Task brief
Whenever a line in the entries below contains the string "exists", copy that line.

Material supplied section start

(* Let $(\mathcal{D},\Psi)$ be a braided monoidal category, let $(A,m,u)$ be an algebra in $\mathcal{D}$, let $S$ be an object of $\mathcal{D}$ and $\phi\colon S\to A$ a morphism in $\mathcal{D}$. Then the left centralizer $\operatorname{Cent}^l_A(S)\to A$ admits the structure of an algebra in $\mathcal{D}$, unique up to unique isomorphism of algebras, such that the structure morphism $\operatorname{Cent}^l_A(S)\to A$ is a morphism of algebras in $\mathcal{D}$.
   Context: All categories are $\Bbbk$-linear abelian monoidal categories over a field $\Bbbk$ (associativity and unit isomorphisms suppressed). The left centralizer $\operatorname{Cent}^l_A(S)\to A$ is defined as the terminal object in the category whose objects are pairs $(C,\gamma)$ with $C\in\mathcal{D}$ and $\gamma\colon C\to A$ a morphism in $\mathcal{D}$ satisfying $m(\gamma\otimes\phi)=m(\phi\otimes\gamma)\Psi_{C,S}$ as morphisms $C\otimes S\to A$, and whose morphisms $(C,\gamma)\to(C',\gamma')$ are morphisms $f\colon C\to C'$ in $\mathcal{D}$ with $\gamma' f=\gamma$. *)

theory Defs
  imports Main
begin

text \<open>Associativity and unit
  isomorphisms are suppressed (strict monoidal structure), as in the paper.\<close>

record ('o, 'a) bmcat =
  Arr   :: "'a set"
  dom   :: "'a \<Rightarrow> 'o"
  cod   :: "'a \<Rightarrow> 'o"
  comp  :: "'a \<Rightarrow> 'a \<Rightarrow> 'a"      (* comp D g f = g \<circ> f *)
  idm   :: "'o \<Rightarrow> 'a"
  tob   :: "'o \<Rightarrow> 'o \<Rightarrow> 'o"
  tar   :: "'a \<Rightarrow> 'a \<Rightarrow> 'a"
  unit  :: "'o"
  braid :: "'o \<Rightarrow> 'o \<Rightarrow> 'a"

definition hom :: "('o, 'a, 'x) bmcat_scheme \<Rightarrow> 'o \<Rightarrow> 'o \<Rightarrow> 'a set" where
  "hom D X Y = {f \<in> Arr D. dom D f = X \<and> cod D f = Y}"

definition iso_mor :: "('o, 'a, 'x) bmcat_scheme \<Rightarrow> 'a \<Rightarrow> bool" where
  "iso_mor D f \<longleftrightarrow> f \<in> Arr D \<and> (\<exists>g \<in> hom D (cod D f) (dom D f).
      comp D g f = idm D (dom D f) \<and> comp D f g = idm D (cod D f))"

definition braided_monoidal_cat :: "('o, 'a, 'x) bmcat_scheme \<Rightarrow> bool" where
  "braided_monoidal_cat D \<longleftrightarrow>
    \<comment> \<open>category\<close>
    (\<forall>X. idm D X \<in> hom D X X) \<and>
    (\<forall>X Y Z f g. f \<in> hom D X Y \<longrightarrow> g \<in> hom D Y Z \<longrightarrow> comp D g f \<in> hom D X Z) \<and>
    (\<forall>X Y f. f \<in> hom D X Y \<longrightarrow> comp D (idm D Y) f = f \<and> comp D f (idm D X) = f) \<and>
    (\<forall>W X Y Z f g h. f \<in> hom D W X \<longrightarrow> g \<in> hom D X Y \<longrightarrow> h \<in> hom D Y Z \<longrightarrow>
        comp D h (comp D g f) = comp D (comp D h g) f) \<and>
    \<comment> \<open>tensor bifunctor\<close>
    (\<forall>X Y X' Y' f g. f \<in> hom D X Y \<longrightarrow> g \<in> hom D X' Y' \<longrightarrow>
        tar D f g \<in> hom D (tob D X X') (tob D Y Y')) \<and>
    (\<forall>X Y. tar D (idm D X) (idm D Y) = idm D (tob D X Y)) \<and>
    (\<forall>X Y Z X' Y' Z' f g f' g'. f \<in> hom D X Y \<longrightarrow> g \<in> hom D Y Z \<longrightarrow>
        f' \<in> hom D X' Y' \<longrightarrow> g' \<in> hom D Y' Z' \<longrightarrow>
        tar D (comp D g f) (comp D g' f') = comp D (tar D g g') (tar D f f')) \<and>
    \<comment> \<open>strictness (associativity and unit constraints suppressed)\<close>
    (\<forall>X Y Z. tob D (tob D X Y) Z = tob D X (tob D Y Z)) \<and>
    (\<forall>X. tob D (unit D) X = X \<and> tob D X (unit D) = X) \<and>
    (\<forall>f g h. f \<in> Arr D \<longrightarrow> g \<in> Arr D \<longrightarrow> h \<in> Arr D \<longrightarrow>
        tar D (tar D f g) h = tar D f (tar D g h)) \<and>
    (\<forall>f. f \<in> Arr D \<longrightarrow> tar D (idm D (unit D)) f = f \<and> tar D f (idm D (unit D)) = f) \<and>
    \<comment> \<open>braiding: natural isomorphism satisfying the hexagon axioms\<close>
    (\<forall>X Y. braid D X Y \<in> hom D (tob D X Y) (tob D Y X) \<and> iso_mor D (braid D X Y)) \<and>
    (\<forall>X Y X' Y' f g. f \<in> hom D X Y \<longrightarrow> g \<in> hom D X' Y' \<longrightarrow>
        comp D (braid D Y Y') (tar D f g) = comp D (tar D g f) (braid D X X')) \<and>
    (\<forall>X Y Z. braid D X (tob D Y Z) =
        comp D (tar D (idm D Y) (braid D X Z)) (tar D (braid D X Y) (idm D Z))) \<and>
    (\<forall>X Y Z. braid D (tob D X Y) Z =
        comp D (tar D (braid D X Z) (idm D Y)) (tar D (idm D X) (braid D Y Z)))"

definition algebra :: "('o, 'a, 'x) bmcat_scheme \<Rightarrow> 'o \<Rightarrow> 'a \<Rightarrow> 'a \<Rightarrow> bool" where
  "algebra D A m u \<longleftrightarrow>
    m \<in> hom D (tob D A A) A \<and> u \<in> hom D (unit D) A \<and>
    comp D m (tar D m (idm D A)) = comp D m (tar D (idm D A) m) \<and>
    comp D m (tar D u (idm D A)) = idm D A \<and>
    comp D m (tar D (idm D A) u) = idm D A"

definition algebra_mor ::
  "('o, 'a, 'x) bmcat_scheme \<Rightarrow> 'o \<Rightarrow> 'a \<Rightarrow> 'a \<Rightarrow> 'o \<Rightarrow> 'a \<Rightarrow> 'a \<Rightarrow> 'a \<Rightarrow> bool" where
  "algebra_mor D B mB uB A mA uA f \<longleftrightarrow>
    f \<in> hom D B A \<and>
    comp D f mB = comp D mA (tar D f f) \<and>
    comp D f uB = uA"

definition centralizes ::
  "('o, 'a, 'x) bmcat_scheme \<Rightarrow> 'a \<Rightarrow> 'o \<Rightarrow> 'a \<Rightarrow> 'o \<Rightarrow> 'a \<Rightarrow> bool" where
  "centralizes D m S \<phi> C \<gamma> \<longleftrightarrow>
    comp D m (tar D \<gamma> \<phi>) = comp D (comp D m (tar D \<phi> \<gamma>)) (braid D C S)"

definition is_left_centralizer ::
  "('o, 'a, 'x) bmcat_scheme \<Rightarrow> 'o \<Rightarrow> 'a \<Rightarrow> 'o \<Rightarrow> 'a \<Rightarrow> 'o \<Rightarrow> 'a \<Rightarrow> bool" where
  "is_left_centralizer D A m S \<phi> Z \<zeta> \<longleftrightarrow>
    \<zeta> \<in> hom D Z A \<and> centralizes D m S \<phi> Z \<zeta> \<and>
    (\<forall>C \<gamma>. \<gamma> \<in> hom D C A \<longrightarrow> centralizes D m S \<phi> C \<gamma> \<longrightarrow>
        (\<exists>!f. f \<in> hom D C Z \<and> comp D \<zeta> f = \<gamma>))"

end

(* The structure morphism \<zeta> : Z \<rightarrow> A of the left centralizer is a monomorphism:
   if \<zeta> g = \<zeta> h, then g and h both factor \<zeta> g, which again centralizes \<phi>, so g = h by
   the uniqueness part of the universal property.  Centralizing morphisms are closed under
   the product m (\<gamma> \<otimes> \<delta>), by associativity of m and the hexagon identity
   \<Psi>(C \<otimes> C', S) = (\<Psi>(C, S) \<otimes> 1)(1 \<otimes> \<Psi>(C', S)), and u centralizes because \<Psi>(1, S) = 1.
   So m (\<zeta> \<otimes> \<zeta>) and u factor through \<zeta>, giving mZ and uZ.  As \<zeta> is monic, the
   algebra laws of (Z, mZ, uZ) are inherited from A, and any two algebra structures making
   \<zeta> an algebra morphism coincide, so the identity is the only comparison isomorphism. *)

theory Submission
  imports Defs
begin

definition monic :: "('o, 'a, 'x) bmcat_scheme \<Rightarrow> 'a \<Rightarrow> bool" where
  "monic D f \<longleftrightarrow> (\<forall>X g h. g \<in> hom D X (dom D f) \<longrightarrow> h \<in> hom D X (dom D f) \<longrightarrow>
                        comp D f g = comp D f h \<longrightarrow> g = h)"

lemma monicD:
  assumes "monic D \<zeta>" "g \<in> hom D X (dom D \<zeta>)" "h \<in> hom D X (dom D \<zeta>)"
    and "comp D \<zeta> g = comp D \<zeta> h"
  shows "g = h"
  using assms unfolding monic_def by blast

locale braided_strict_monoidal_cat =
  fixes D :: "('o, 'a) bmcat"
  assumes braided_monoidal: "braided_monoidal_cat D"
begin

lemma arr_idm [simp]: "idm D X \<in> Arr D" "dom D (idm D X) = X" "cod D (idm D X) = X"
  using braided_monoidal by (simp_all add: braided_monoidal_cat_def hom_def)

lemma arr_comp [simp]:
  assumes "f \<in> Arr D" "g \<in> Arr D" "cod D f = dom D g"
  shows "comp D g f \<in> Arr D" "dom D (comp D g f) = dom D f" "cod D (comp D g f) = cod D g"
proof -
  have "f \<in> hom D (dom D f) (cod D f)" "g \<in> hom D (cod D f) (cod D g)"
    using assms by (simp_all add: hom_def)
  then have "comp D g f \<in> hom D (dom D f) (cod D g)"
    using braided_monoidal by (simp add: braided_monoidal_cat_def)
  then show "comp D g f \<in> Arr D" "dom D (comp D g f) = dom D f" "cod D (comp D g f) = cod D g"
    by (simp_all add: hom_def)
qed

lemma arr_tar [simp]:
  assumes "f \<in> Arr D" "g \<in> Arr D"
  shows "tar D f g \<in> Arr D" "dom D (tar D f g) = tob D (dom D f) (dom D g)"
    "cod D (tar D f g) = tob D (cod D f) (cod D g)"
proof -
  have "f \<in> hom D (dom D f) (cod D f)" "g \<in> hom D (dom D g) (cod D g)"
    using assms by (simp_all add: hom_def)
  then have "tar D f g \<in> hom D (tob D (dom D f) (dom D g)) (tob D (cod D f) (cod D g))"
    using braided_monoidal by (simp add: braided_monoidal_cat_def)
  then show "tar D f g \<in> Arr D" "dom D (tar D f g) = tob D (dom D f) (dom D g)"
    "cod D (tar D f g) = tob D (cod D f) (cod D g)"
    by (simp_all add: hom_def)
qed

lemma arr_braid [simp]:
  "braid D X Y \<in> Arr D" "dom D (braid D X Y) = tob D X Y" "cod D (braid D X Y) = tob D Y X"
  using braided_monoidal by (simp_all add: braided_monoidal_cat_def hom_def)

lemma comp_assoc [simp]:
  assumes "f \<in> Arr D" "g \<in> Arr D" "h \<in> Arr D" "cod D f = dom D g" "cod D g = dom D h"
  shows "comp D (comp D h g) f = comp D h (comp D g f)"
proof -
  have "f \<in> hom D (dom D f) (cod D f)" "g \<in> hom D (cod D f) (cod D g)"
    "h \<in> hom D (cod D g) (cod D h)"
    using assms by (simp_all add: hom_def)
  then show ?thesis
    using braided_monoidal by (simp add: braided_monoidal_cat_def)
qed

lemma comp_idm_left [simp]:
  assumes "f \<in> Arr D" "cod D f = X"
  shows "comp D (idm D X) f = f"
proof -
  have "f \<in> hom D (dom D f) X"
    using assms by (simp add: hom_def)
  then show ?thesis
    using braided_monoidal by (simp add: braided_monoidal_cat_def)
qed

lemma comp_idm_right [simp]:
  assumes "f \<in> Arr D" "dom D f = X"
  shows "comp D f (idm D X) = f"
proof -
  have "f \<in> hom D X (cod D f)"
    using assms by (simp add: hom_def)
  then show ?thesis
    using braided_monoidal by (simp add: braided_monoidal_cat_def)
qed

lemma interchange:
  assumes "f \<in> Arr D" "g \<in> Arr D" "cod D f = dom D g"
    and "f' \<in> Arr D" "g' \<in> Arr D" "cod D f' = dom D g'"
  shows "tar D (comp D g f) (comp D g' f') = comp D (tar D g g') (tar D f f')"
proof -
  have "f \<in> hom D (dom D f) (cod D f)" "g \<in> hom D (cod D f) (cod D g)"
    "f' \<in> hom D (dom D f') (cod D f')" "g' \<in> hom D (cod D f') (cod D g')"
    using assms by (simp_all add: hom_def)
  then show ?thesis
    using braided_monoidal by (simp add: braided_monoidal_cat_def)
qed

lemma braid_natural:
  assumes "f \<in> Arr D" "g \<in> Arr D"
  shows "comp D (braid D (cod D f) (cod D g)) (tar D f g) =
    comp D (tar D g f) (braid D (dom D f) (dom D g))"
proof -
  have "f \<in> hom D (dom D f) (cod D f)" "g \<in> hom D (dom D g) (cod D g)"
    using assms by (simp_all add: hom_def)
  then show ?thesis
    using braided_monoidal by (simp add: braided_monoidal_cat_def)
qed

lemma tar_idm [simp]: "tar D (idm D X) (idm D Y) = idm D (tob D X Y)"
  using braided_monoidal by (simp add: braided_monoidal_cat_def)

lemma tob_assoc [simp]: "tob D (tob D X Y) Z = tob D X (tob D Y Z)"
  using braided_monoidal by (simp add: braided_monoidal_cat_def)

lemma tob_unit [simp]: "tob D (unit D) X = X" "tob D X (unit D) = X"
  using braided_monoidal by (simp_all add: braided_monoidal_cat_def)

lemma tar_assoc [simp]:
  "f \<in> Arr D \<Longrightarrow> g \<in> Arr D \<Longrightarrow> h \<in> Arr D \<Longrightarrow>
    tar D (tar D f g) h = tar D f (tar D g h)"
  using braided_monoidal by (simp add: braided_monoidal_cat_def)

lemma tar_idm_unit [simp]:
  "f \<in> Arr D \<Longrightarrow> tar D (idm D (unit D)) f = f"
  "f \<in> Arr D \<Longrightarrow> tar D f (idm D (unit D)) = f"
  using braided_monoidal by (simp_all add: braided_monoidal_cat_def)

lemma iso_mor_braid: "iso_mor D (braid D X Y)"
  using braided_monoidal by (simp add: braided_monoidal_cat_def)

Material supplied section end

Written answer
  "iso_mor D f \<longleftrightarrow> f \<in> Arr D \<and> (\<exists>g \<in> hom D (cod D f) (dom D f).
        (\<exists>!f. f \<in> hom D C Z \<and> comp D \<zeta> f = \<gamma>))"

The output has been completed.